Алиханов перестал негодовать и радоваться. Он был убежден, что перемена в мире, а не в его душе.

Ощущение тревоги прошло. Алиханов бездумно выдвинул ящик письменного стола. Обнаружил там хлебные корки, моток изоляционной ленты, пачку ванильных сухарей. Затем – мятые погоны с дырочками от эмблем. Две разбитые елочные игрушки. Гибкую коленкоровую тетрадь с наполовину вырванными листами. Наконец – карандаш.

И тут Алиханов неожиданно почувствовал запах морского ветра и рыбы. Услышал довоенное танго и шершавые звуки индонезийских междометий. Разглядел во мраке геометрические очертания палаток. Вспомнил ощущение горячей кожи, стянутой мокрыми, тугими лямками…

Алиханов закурил сигарету, подержал ее в отведенной руке. Затем крупным почерком вывел на листе из тетради:

«Летом так просто казаться влюбленным. Зеленые теплые сумерки бродят под ветками. Они превращают каждое слово в таинственный и смутный знак…»

За окном начиналась метель. Белые хлопья косо падали на стекло из темноты.

– Летом так просто казаться влюбленным, – шептал надзиратель.

Полусонный ефрейтор брел коридором, с шуршанием задевая обои.

«Летом так просто казаться влюбленным…»

Алиханов испытывал тихую радость. Он любовно перечеркнул два слова и написал:

«Летом… непросто казаться влюбленным…»

Жизнь стала податливой. Ее можно было изменить движением карандаша с холодными твердыми гранями и рельефной надписью – «Орион»…

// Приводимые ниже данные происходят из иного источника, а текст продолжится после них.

lemma op_exp_add: "op_exp (a *\<^sub>R T) o\<^sub>L op_exp (b *\<^sub>R T) = op_exp ((a + b) *\<^sub>R T)"
proof -
  let ?u = "\<lambda>c n. (1 / fact n) *\<^sub>R op_pow (c *\<^sub>R T) n"
  have "(\<lambda>k. \<Sum>i\<le>k. ?u a i o\<^sub>L ?u b (k - i)) sums (op_exp (a *\<^sub>R T) o\<^sub>L op_exp (b *\<^sub>R T))"
    unfolding op_exp_def
    by (intro bounded_bilinear_Cauchy_product_sums bounded_bilinear_blinfun_compose
        summable_norm_op_exp_series)
  moreover have "(\<Sum>i\<le>k. ?u a i o\<^sub>L ?u b (k - i)) = ?u (a + b) k" for k
  proof -
    have "(\<Sum>i\<le>k. ?u a i o\<^sub>L ?u b (k - i))
        = (\<Sum>i\<le>k. (a ^ i / fact i * (b ^ (k - i) / fact (k - i))) *\<^sub>R op_pow T k)"
      by (intro sum.cong refl)
        (simp add: op_pow_scaleR op_pow_add bounded_bilinear.scaleR_left[OF bounded_bilinear_blinfun_compose]
          bounded_bilinear.scaleR_right[OF bounded_bilinear_blinfun_compose] mult_ac)
    also have "\<dots> = ((a + b) ^ k / fact k) *\<^sub>R op_pow T k"
      using exp_series_add_commuting[of a b k]
      by (simp add: scaleR_sum_left[symmetric] divide_inverse mult_ac)
    finally show ?thesis
      by (simp add: op_pow_scaleR)
  qed
  ultimately show ?thesis
    unfolding op_exp_def by (simp add: sums_iff)
qed

lemma op_exp_zero: "op_exp 0 = id_blinfun"
  unfolding op_exp_def by (subst suminf_finite[where N = "{0}"]) (auto simp: gr0_conv_Suc)

lemma op_exp_minus_compose: "op_exp (- T) o\<^sub>L op_exp T = id_blinfun"
  using op_exp_add[of "- 1" T 1] by (simp add: op_exp_zero)

lemma inj_op_exp: "inj (blinfun_apply (op_exp T))"
  by (rule inj_on_inverseI[where g = "blinfun_apply (op_exp (- T))"])
    (metis blinfun_apply_blinfun_compose blinfun_apply_id_blinfun id_apply op_exp_minus_compose)

lemma op_inv_compose:
  assumes "op_invertible T"
  shows "op_inv T o\<^sub>L T = id_blinfun" and "T o\<^sub>L op_inv T = id_blinfun"
proof -
  obtain S where S: "S o\<^sub>L T = id_blinfun" "T o\<^sub>L S = id_blinfun"
    using assms unfolding op_invertible_def by blast
  have "S' = S" if "S' o\<^sub>L T = id_blinfun" for S'
  proof (rule blinfun_eqI)
    fix y
    have "S' y = S' (T (S y))"
      using arg_cong[OF S(2), of "\<lambda>R. R y"] by simp
    also have "\<dots> = S y"
      using arg_cong[OF that, of "\<lambda>R. R (S y)"] by simp
    finally show "S' y = S y" .
  qed
  then have "\<exists>!S. S o\<^sub>L T = id_blinfun \<and> T o\<^sub>L S = id_blinfun"
    using S by blast
  from theI'[OF this] show "op_inv T o\<^sub>L T = id_blinfun" and "T o\<^sub>L op_inv T = id_blinfun"
    unfolding op_inv_def by simp_all
qed

lemma op_invertible_apply_op_inv:
  assumes "op_invertible T"
  shows "T (op_inv T v) = v"
  using arg_cong[OF op_inv_compose(2)[OF assms], of "\<lambda>S. S v"] by simp

lemma op_invertible_inj:
  assumes "op_invertible T"
  shows "inj (blinfun_apply T)"
proof (rule inj_on_inverseI)
  show "op_inv T (T v) = v" for v
    using arg_cong[OF op_inv_compose(1)[OF assms], of "\<lambda>S. S v"] by simp
qed

lemma op_cs_apply:
  assumes "complex_structure J"
  shows "op_cs J T v = J (T v)"
proof -
  have "bounded_linear J"
    using assms by (simp add: complex_structure_def)
  then have "bounded_linear (\<lambda>v. J (T v))"
    by (rule bounded_linear_compose) (rule blinfun.bounded_linear_right)
  then show ?thesis
    unfolding op_cs_def by (simp add: bounded_linear_Blinfun_apply)
qed

lemma cholomorphic_on_imp_continuous_on: "cholomorphic_on J1 J2 f S \<Longrightarrow> continuous_on S f"
  unfolding cholomorphic_on_def
  by (auto intro!: continuous_at_imp_continuous_on dest: has_derivative_continuous)

definition skew_product ::
  "(real \<Rightarrow> 'a \<Rightarrow> 'a) \<Rightarrow> (real \<Rightarrow> 'a \<Rightarrow> ('b::real_normed_vector \<Rightarrow>\<^sub>L 'b)) \<Rightarrow> real \<Rightarrow> 'a \<times> 'b \<Rightarrow> 'a \<times> 'b"
  where "skew_product F \<Gamma> = (\<lambda>t (x, y). (F t x, \<Gamma> t x y))"

lemma cholomorphic_on_skew_product:
  fixes JX :: "'a::real_normed_vector \<Rightarrow> 'a" and JY :: "'b::real_normed_vector \<Rightarrow> 'b"
  assumes csY: "complex_structure JY"
    and f: "cholomorphic_on JX JX f D"
    and g: "cholomorphic_on JX (op_cs JY) g D"
    and g_clinear: "\<forall>x\<in>D. clinear_op JY (g x)"
  shows "cholomorphic_on (prod_cs JX JY) (prod_cs JX JY) (\<lambda>(x, y). (f x, g x y)) (D \<times> UNIV)"
  unfolding cholomorphic_on_def
proof
  fix p assume "p \<in> D \<times> (UNIV :: 'b set)"
  then obtain x y where p: "p = (x, y)" and x: "x \<in> D" by auto
  obtain Lf where Lf: "(f has_derivative Lf) (at x)" "\<forall>v. Lf (JX v) = JX (Lf v)"
    using f x unfolding cholomorphic_on_def by blast
  obtain Lg where Lg: "(g has_derivative Lg) (at x)" "\<forall>v. Lg (JX v) = op_cs JY (Lg v)"
    using g x unfolding cholomorphic_on_def by blast
  let ?L = "\<lambda>(u, v). (Lf u, g x v + Lg u y)"
  have fst: "(fst has_derivative fst) (at (x, y))" and snd: "(snd has_derivative snd) (at (x, y))"
    by (simp_all add: bounded_linear_fst bounded_linear_snd bounded_linear_imp_has_derivative)
  have df: "((\<lambda>q. f (fst q)) has_derivative (\<lambda>q. Lf (fst q))) (at (x, y))"
    using has_derivative_compose[OF fst] Lf(1) by simp
  have dg: "((\<lambda>q. g (fst q)) has_derivative (\<lambda>q. Lg (fst q))) (at (x, y))"
    using has_derivative_compose[OF fst] Lg(1) by simp
  have "((\<lambda>q. g (fst q) (snd q)) has_derivative (\<lambda>q. g x (snd q) + Lg (fst q) y)) (at (x, y))"
    using bounded_bilinear.FDERIV[OF bounded_bilinear_blinfun_apply dg snd] by simp
  with df have "((\<lambda>(x, y). (f x, g x y)) has_derivative ?L) (at p)"
    unfolding p split_def by (rule has_derivative_Pair)
  moreover have "?L (prod_cs JX JY w) = prod_cs JX JY (?L w)" for w
  proof -
    obtain u v where w: "w = (u, v)" by fastforce
    have "bounded_linear JY"
      using csY by (simp add: complex_structure_def)
    moreover have "g x (JY v) = JY (g x v)"
      using g_clinear x by (simp add: clinear_op_def)
    moreover have "Lg (JX u) y = JY (Lg u y)"
      using Lg(2) op_cs_apply[OF csY] by simp
    ultimately show ?thesis
      using Lf(2) by (simp add: w prod_cs_def linear_add[OF bounded_linear.linear])
  qed
  ultimately show "\<exists>L. ((\<lambda>(x, y). (f x, g x y)) has_derivative L) (at p) \<and>
      (\<forall>v. L (prod_cs JX JY v) = prod_cs JX JY (L v))"
    by blast
qed

lemma skew_product_law_iff_cocycle_law:
  fixes \<Gamma> :: "real \<Rightarrow> 'a \<Rightarrow> ('b::real_normed_vector \<Rightarrow>\<^sub>L 'b)"
  assumes F_law: "\<forall>t\<ge>0. \<forall>s\<ge>0. \<forall>x\<in>D. F (t + s) x = F t (F s x)"
  shows "(\<forall>t\<ge>0. \<forall>s\<ge>0. \<forall>w\<in>D \<times> UNIV.
            skew_product F \<Gamma> (t + s) w = skew_product F \<Gamma> t (skew_product F \<Gamma> s w))
       \<longleftrightarrow> (\<forall>t\<ge>0. \<forall>s\<ge>0. \<forall>x\<in>D. \<Gamma> t (F s x) o\<^sub>L \<Gamma> s x = \<Gamma> (t + s) x)"
proof -
  have pointwise: "skew_product F \<Gamma> (t + s) (x, y) = skew_product F \<Gamma> t (skew_product F \<Gamma> s (x, y))
      \<longleftrightarrow> (\<Gamma> t (F s x) o\<^sub>L \<Gamma> s x) y = \<Gamma> (t + s) x y"
    if "t \<ge> 0" "s \<ge> 0" "x \<in> D" for t s x y
    using F_law that by (auto simp: skew_product_def)
  show ?thesis
  proof (intro iffI allI impI ballI)
    fix t s :: real and x
    assume "\<forall>t\<ge>0. \<forall>s\<ge>0. \<forall>w\<in>D \<times> UNIV.
        skew_product F \<Gamma> (t + s) w = skew_product F \<Gamma> t (skew_product F \<Gamma> s w)"
      and "t \<ge> 0" "s \<ge> 0" "x \<in> D"
    then show "\<Gamma> t (F s x) o\<^sub>L \<Gamma> s x = \<Gamma> (t + s) x"
      using pointwise by (intro blinfun_eqI) blast
  next
    fix t s :: real and w :: "'a \<times> 'b"
    assume "\<forall>t\<ge>0. \<forall>s\<ge>0. \<forall>x\<in>D. \<Gamma> t (F s x) o\<^sub>L \<Gamma> s x = \<Gamma> (t + s) x"
      and "t \<ge> 0" "s \<ge> 0" "w \<in> D \<times> UNIV"
    then show "skew_product F \<Gamma> (t + s) w = skew_product F \<Gamma> t (skew_product F \<Gamma> s w)"
      using pointwise by (cases w) auto
  qed
qed

lemma skew_product_tendsto_iff:
  fixes \<Gamma> :: "real \<Rightarrow> 'a::topological_space \<Rightarrow> ('b::real_normed_vector \<Rightarrow>\<^sub>L 'b)"
  assumes F_lim: "\<forall>x\<in>D. ((\<lambda>t. F t x) \<longlongrightarrow> x) (at_right 0)"
  shows "(\<forall>w\<in>D \<times> UNIV. ((\<lambda>t. skew_product F \<Gamma> t w) \<longlongrightarrow> w) (at_right 0))
       \<longleftrightarrow> (\<forall>x\<in>D. \<forall>y. ((\<lambda>t. \<Gamma> t x y) \<longlongrightarrow> y) (at_right 0))"
proof (intro iffI ballI allI)
  fix x y
  assume "\<forall>w\<in>D \<times> UNIV. ((\<lambda>t. skew_product F \<Gamma> t w) \<longlongrightarrow> w) (at_right 0)" and "x \<in> D"
  then have "((\<lambda>t. snd (skew_product F \<Gamma> t (x, y))) \<longlongrightarrow> snd (x, y)) (at_right 0)"
    by (intro tendsto_snd) simp
  then show "((\<lambda>t. \<Gamma> t x y) \<longlongrightarrow> y) (at_right 0)"
    by (simp add: skew_product_def)
next
  fix w :: "'a \<times> 'b"
  assume "\<forall>x\<in>D. \<forall>y. ((\<lambda>t. \<Gamma> t x y) \<longlongrightarrow> y) (at_right 0)" and "w \<in> D \<times> UNIV"
  then show "((\<lambda>t. skew_product F \<Gamma> t w) \<longlongrightarrow> w) (at_right 0)"
    using F_lim by (cases w) (simp add: skew_product_def tendsto_Pair)
qed

lemma semicocycle_iff_hsemigroup_skew_product:
  fixes JX :: "'x::real_normed_vector \<Rightarrow> 'x" and JY :: "'y::real_normed_vector \<Rightarrow> 'y"
    and \<Gamma> :: "real \<Rightarrow> 'x \<Rightarrow> ('y \<Rightarrow>\<^sub>L 'y)"
  assumes csY: "complex_structure JY"
    and sg: "hsemigroup JX D F"
    and hol: "\<forall>t\<ge>0. cholomorphic_on JX (op_cs JY) (\<Gamma> t) D"
    and val: "\<forall>t\<ge>0. \<forall>x\<in>D. clinear_op JY (\<Gamma> t x)"
  shows "semicocycle D F \<Gamma> \<longleftrightarrow> hsemigroup (prod_cs JX JY) (D \<times> UNIV) (skew_product F \<Gamma>)"
proof -
  have F_hol: "\<forall>t\<ge>0. cholomorphic_on JX JX (F t) D \<and> F t ` D \<subseteq> D"
    and F_law: "\<forall>t\<ge>0. \<forall>s\<ge>0. \<forall>x\<in>D. F (t + s) x = F t (F s x)"
    and F_lim: "\<forall>x\<in>D. ((\<lambda>t. F t x) \<longlongrightarrow> x) (at_right 0)"
    using sg by (simp_all add: hsemigroup_def)
  have "\<forall>t\<ge>0. cholomorphic_on (prod_cs JX JY) (prod_cs JX JY) (skew_product F \<Gamma> t) (D \<times> UNIV)
      \<and> skew_product F \<Gamma> t ` (D \<times> UNIV) \<subseteq> D \<times> UNIV"
    using F_hol hol val
    by (auto simp: skew_product_def intro!: cholomorphic_on_skew_product[OF csY])
  then show ?thesis
    unfolding hsemigroup_def semicocycle_def skew_product_law_iff_cocycle_law[OF F_law]
      skew_product_tendsto_iff[OF F_lim]
    by blast
qed

lemma inv_into_conjugate_subset_or_constant:
  fixes h :: "'a::topological_space \<Rightarrow> 'b::real_normed_vector"
  assumes D: "open D" "connected D"
    and h: "continuous_on D h" "open (h ` D)"
    and f: "continuous_on D f" "f ` D \<subseteq> D"
    and L: "continuous_on UNIV L"
    and f_eq: "\<forall>x\<in>D. f x = inv_into D h (L (h x))"
  shows "(\<forall>x\<in>D. L (h x) \<in> h ` D) \<or> (\<exists>c. \<forall>x\<in>D. f x = c)"
proof -
  define U where "U = D \<inter> (\<lambda>x. L (h x)) -` (h ` D)"
  define V where "V = D \<inter> (\<lambda>x. h (f x) - L (h x)) -` (- {0})"
  have Lh: "continuous_on D (\<lambda>x. L (h x))"
    by (rule continuous_on_compose2[OF L h(1)]) simp
  have "open U"
    unfolding U_def by (rule continuous_open_preimage[OF Lh D(1) h(2)])
  moreover have "open V"
    unfolding V_def
    by (intro continuous_open_preimage continuous_intros continuous_on_compose2[OF h(1) f(1) f(2)]
        Lh D(1))
  moreover have "D \<subseteq> U \<union> V"
    using f(2) by (auto simp: U_def V_def) (metis image_eqI image_subset_iff)
  moreover have "U \<inter> V \<inter> D = {}"
    using f_eq by (auto simp: U_def V_def f_inv_into_f)
  ultimately have "U \<inter> D = {} \<or> V \<inter> D = {}"
    using connectedD[OF D(2)] by blast
  then show ?thesis
  proof
    assume "U \<inter> D = {}"
    then have notin: "L (h x) \<notin> h ` D" if "x \<in> D" for x
      using that by (auto simp: U_def)
    have "f x = (SOME w. False)" if "x \<in> D" for x
    proof -
      have "(\<lambda>w. w \<in> D \<and> h w = L (h x)) = (\<lambda>w. False)"
        unfolding fun_eq_iff using notin[OF that] by (metis image_eqI)
      then show ?thesis
        using f_eq that by (simp add: inv_into_def)
    qed
    then show ?thesis
      by blast
  next
    assume "V \<inter> D = {}"
    then have "h (f x) = L (h x)" if "x \<in> D" for x
      using that by (auto simp: V_def)
    then have "\<forall>x\<in>D. L (h x) \<in> h ` D"
      using f(2) by (metis image_eqI image_subset_iff)
    then show ?thesis ..
  qed
qed

lemma open_obtain_other_point:
  fixes S :: "'a::real_normed_vector set" and v :: 'a
  assumes "open S" "a \<in> S" "v \<noteq> 0"
  obtains b where "b \<in> S" "b \<noteq> a"
proof -
  obtain e where e: "e > 0" "ball a e \<subseteq> S"
    using assms open_contains_ball by blast
  let ?b = "a + (e / 2 / norm v) *\<^sub>R v"
  have "dist a ?b = e / 2"
    using assms(3) e(1) by (simp add: dist_norm)
  then show thesis
    using e by (intro that[of ?b]) auto
qed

– Летом непросто казаться влюбленным, – снова и снова повторял Алиханов…

В десять часов утра его разбудил сменщик. Он пришел с мороза, краснолицый и злой.

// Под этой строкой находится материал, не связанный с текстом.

(* There exists a compactly quasinilpotent Banach algebra which has no non-zero hypocompact ideals. (For example, $A=V\widehat{\otimes}C[0,1]$, where $V=\ell^1(w)$ with convolution $e_ie_j=e_{i+j}$ for a weight $w=(w_k)_{k\ge1}$ with $w_{k+1}/w_k\to0$, e.g. $w_k=k^{-k}$; this $A$ has no non-zero compact elements.)
   Context: For a bounded subset $M$ of a normed algebra, $\|M\|=\sup_{a\in M}\|a\|$, $M^n=\{a_1\cdots a_n:a_i\in M\}$ and $\rho(M)=\lim_n\|M^n\|^{1/n}$. A Banach algebra $A$ is compactly quasinilpotent if $\rho(M)=0$ for every precompact $M\subseteq A$. An element $a$ of a normed algebra $A$ is compact if the operator $x\mapsto axa$ on $A$ is compact. A normed algebra is hypocompact if every non-zero quotient $A/J$ by a closed ideal $J$ has a non-zero compact element; an ideal is hypocompact if it is hypocompact as a normed algebra. $\widehat\otimes$ is the projective tensor product; $\ell^1(w)$ is the space of sequences $\sum\lambda_ke_k$ with $\sum|\lambda_k|w_k<\infty$. *)

theory Defs
  imports "HOL-Analysis.Analysis"
begin

text \<open>A complex normed algebra presented concretely on a carrier set inside an
ambient type (so that one can quantify existentially over algebras).\<close>

record 'a balg =
  ba_carrier :: "'a set"
  ba_zero :: 'a
  ba_add :: "'a \<Rightarrow> 'a \<Rightarrow> 'a"
  ba_neg :: "'a \<Rightarrow> 'a"
  ba_smul :: "complex \<Rightarrow> 'a \<Rightarrow> 'a"
  ba_mul :: "'a \<Rightarrow> 'a \<Rightarrow> 'a"
  ba_norm :: "'a \<Rightarrow> real"

definition ba_sub :: "'a balg \<Rightarrow> 'a \<Rightarrow> 'a \<Rightarrow> 'a" where
  "ba_sub A x y = ba_add A x (ba_neg A y)"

– Всю ночь по зоне бегал, как шестерка, – сказал он, – это – чистый театр… Кир, поножовщина, изолятор набит бакланьем…

Алиханов тоже достал сигарету и пригладил волосы. Целый день он проведет в изоляторе. За стеной будет ходить из угла в угол рецидивист Анаги, позвякивая наручниками…

– Обстановка напряженная, – говорил сменщик, раздеваясь. – Мой тебе совет – возьми Гаруна. Он на третьем блокпосту. Спокойнее, когда пес рядом…

– Это еще зачем? – спросил Алиханов.

– То есть как? Может, ты Анаги не боишься?

– Боюсь, – сказал Алиханов, – очень даже боюсь… Но все равно Гарун страшнее…

Накинув телогрейку, Алиханов пошел в столовую.

Повар Балодис выдал ему тарелку голубоватой овсяной каши. На краю желтело пятнышко растаявшего масла.

Надзиратель огляделся.

Выцветшие обои, линолеум, мокрые столы…

Он захватил алюминиевую ложку с перекрученным стеблем. Сел лицом к окну. Вяло начал есть. Тут же вспомнил минувшую ночь. Подумал о том, что ждет его впереди… И спокойная торжествующая улыбка преобразила его лицо.

Мир стал живым и безопасным, как на холсте. Он приглядывался к надзирателю без гнева и укоризны.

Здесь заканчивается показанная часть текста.